Price of a Stamp The table lists the price P of a
first-class postage stamp for selected year’s t.
t 1963 1975 1987 2002 2007
p $.05 $.13 $.25 $.37 $.41
(a) Find the slope of each line segment connecting consecutive data points in the table. Can these data be modeled with a line? Explain.

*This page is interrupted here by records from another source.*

locale qpi_parameters =
  fixes q e :: "'a::field"
  assumes e_square: "e * e = 1" and q_nonzero: "q \<noteq> 0"
    and not_root_of_unity: "\<And>i::nat. i > 0 \<Longrightarrow> (e * q\<^sup>2) ^ i \<noteq> 1"
begin

abbreviation qbin :: "int \<Rightarrow> int \<Rightarrow> 'a" where "qbin \<equiv> gen_qbinom q e"

lemma e_nonzero: "e \<noteq> 0"
  using e_square by auto

lemma qint_denominator_nonzero: "e * q - q powi (- 1) \<noteq> 0"
proof
  assume "e * q - q powi (- 1) = 0"
  then have "(e * q\<^sup>2) ^ 1 = 1"
    using q_nonzero by (simp add: power2_eq_square field_simps)
  with not_root_of_unity[of 1] show False by simp
qed

lemma gen_qint_nonzero:
  assumes "i > 0" shows "gen_qint q e (int i) \<noteq> 0"
proof
  assume "gen_qint q e (int i) = 0"
  then have "(e * q) ^ i = inverse (q ^ i)"
    using qint_denominator_nonzero by (simp add: gen_qint_def power_int_minus)
  then have "(e * q\<^sup>2) ^ i = 1"
    using q_nonzero by (simp add: power2_eq_square power_mult_distrib field_simps)
  with not_root_of_unity[OF assms] show False ..
qed

lemma gen_qfact_nonzero: "gen_qfact q e r \<noteq> 0"
  by (simp add: gen_qfact_def gen_qint_nonzero)

lemma gen_qint_add:
  "gen_qint q e (a + b) = (e * q) powi a * gen_qint q e b + q powi (- b) * gen_qint q e a"
proof -
  have "(e * q) powi (a + b) - q powi (- (a + b))
      = (e * q) powi a * ((e * q) powi b - q powi (- b))
        + q powi (- b) * ((e * q) powi a - q powi (- a))"
    using e_nonzero q_nonzero power_int_add[of q "- b" "- a"]
    by (simp add: power_int_add algebra_simps)
  then show ?thesis
    by (simp add: gen_qint_def add_divide_distrib)
qed

lemma gen_qbinom_0 [simp]: "qbin n 0 = 1"
  by (simp add: gen_qbinom_def gen_qfact_def)

lemma gen_qbinom_pascal:
  "qbin n R = q powi (- R) * qbin (n - 1) R + (e * q) powi (n - R) * qbin (n - 1) (R - 1)"
proof (cases "R > 0")
  case False
  then consider "R < 0" | "R = 0" by linarith
  then show ?thesis by cases (simp_all add: gen_qbinom_def)
next
  case True
  define j where "j = nat R - 1"
  have R: "R = int (Suc j)"
    using True by (simp add: j_def)
  define N where "N = (\<Prod>i<j. gen_qint q e (n - 1 - int i))"
  define F where "F = gen_qfact q e j * gen_qint q e R"
  have "(\<Prod>i<Suc j. gen_qint q e (n - int i)) = gen_qint q e n * N"
    unfolding N_def prod.lessThan_Suc_shift by (simp add: algebra_simps)
  then have top: "qbin n R = gen_qint q e n * N / F"
    by (simp add: gen_qbinom_def gen_qfact_Suc R F_def del: of_nat_Suc)
  have "(\<Prod>i<Suc j. gen_qint q e (n - 1 - int i)) = N * gen_qint q e (n - R)"
    unfolding N_def prod.lessThan_Suc R by (simp add: algebra_simps)
  then have left: "qbin (n - 1) R = N * gen_qint q e (n - R) / F"
    by (simp add: gen_qbinom_def gen_qfact_Suc R F_def del: of_nat_Suc)
  have right: "qbin (n - 1) (R - 1) = N / gen_qfact q e j"
    by (simp add: gen_qbinom_def R N_def)
  have split: "gen_qint q e n
      = (e * q) powi (n - R) * gen_qint q e R + q powi (- R) * gen_qint q e (n - R)"
    using gen_qint_add[of "n - R" R] by simp
  have "gen_qfact q e j \<noteq> 0" "gen_qint q e R \<noteq> 0"
    using R gen_qfact_nonzero gen_qint_nonzero[of "Suc j"] by simp_all
  then show ?thesis
    unfolding top left right split by (simp add: F_def field_simps)
qed

lemma gen_qbinom_above_diagonal:
  assumes "x \<ge> 0" shows "qbin x (x + 1) = 0"
proof -
  have "gen_qint q e (x - int (nat x)) = 0"
    using assms by (simp add: gen_qint_def)
  then have "(\<Prod>i<nat (x + 1). gen_qint q e (x - int i)) = 0"
    using assms by (intro prod_zero bexI[of _ "nat x"]) auto
  then show ?thesis
    using assms by (simp add: gen_qbinom_def)
qed

lemma gen_qbinom_diagonal:
  assumes "x \<ge> 0" shows "qbin x x = 1"
proof -
  obtain N where x: "x = int N"
    using assms nonneg_int_cases by blast
  have "(\<Prod>i<N. gen_qint q e (int N - int i)) = gen_qfact q e N"
  proof (induction N)
    case (Suc N)
    then show ?case
      unfolding prod.lessThan_Suc_shift by (simp add: gen_qfact_Suc)
  qed (simp add: gen_qfact_def)
  then show ?thesis
    using gen_qfact_nonzero[of N] by (simp add: gen_qbinom_def x)
qed

definition pq_pow :: "int \<Rightarrow> int \<Rightarrow> 'a" where
  "pq_pow a b = e powi a * q powi b"

lemma pq_pow_mult: "pq_pow a b * pq_pow c d = pq_pow (a + c) (b + d)"
  using e_nonzero q_nonzero by (simp add: pq_pow_def power_int_add algebra_simps)

lemma pq_pow_eqI:
  assumes "even (a - a')" and "b = b'" shows "pq_pow a b = pq_pow a' b'"
proof -
  obtain c where "a = a' + 2 * c"
    using assms(1) by (metis dvd_def add_diff_cancel_left' diff_add_cancel)
  then have "e powi a = e powi a' * (e\<^sup>2) powi c"
    using e_nonzero by (simp add: power_int_add power_int_mult)
  then show ?thesis
    using e_square assms(2) by (simp add: pq_pow_def power2_eq_square)
qed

(b) Does the polynomial 0.835t – 1635 model the
data in the table exactly? Explain
Your going to have to have a graphing calculator its not solvable without it
(a) To find the slope of each line segment connecting consecutive data points in the table, we can use the formula for the slope of a line passing through two points. The formula is:
Slope = (y2 - y1) / (x2 - x1)
Let's apply this formula to find the slopes between each pair of consecutive points in the table:
For 1963-1975:
Slope = ($0.13 - $0.05) / (1975 - 1963) = $0.08 / 12 = $0.0067
For 1975-1987:
Slope = ($0.25 - $0.13) / (1987 - 1975) = $0.12 / 12 = $0.01
For 1987-2002:
Slope = ($0.37 - $0.25) / (2002 - 1987) = $0.12 / 15 = $0.008
For 2002-2007:
Slope = ($0.41 - $0.37) / (2007 - 2002) = $0.04 / 5 = $0.008
Now, let's analyze if these data points can be modeled with a line. If the slopes between each pair of consecutive points are approximately equal, then a linear model could be a good fit for the data.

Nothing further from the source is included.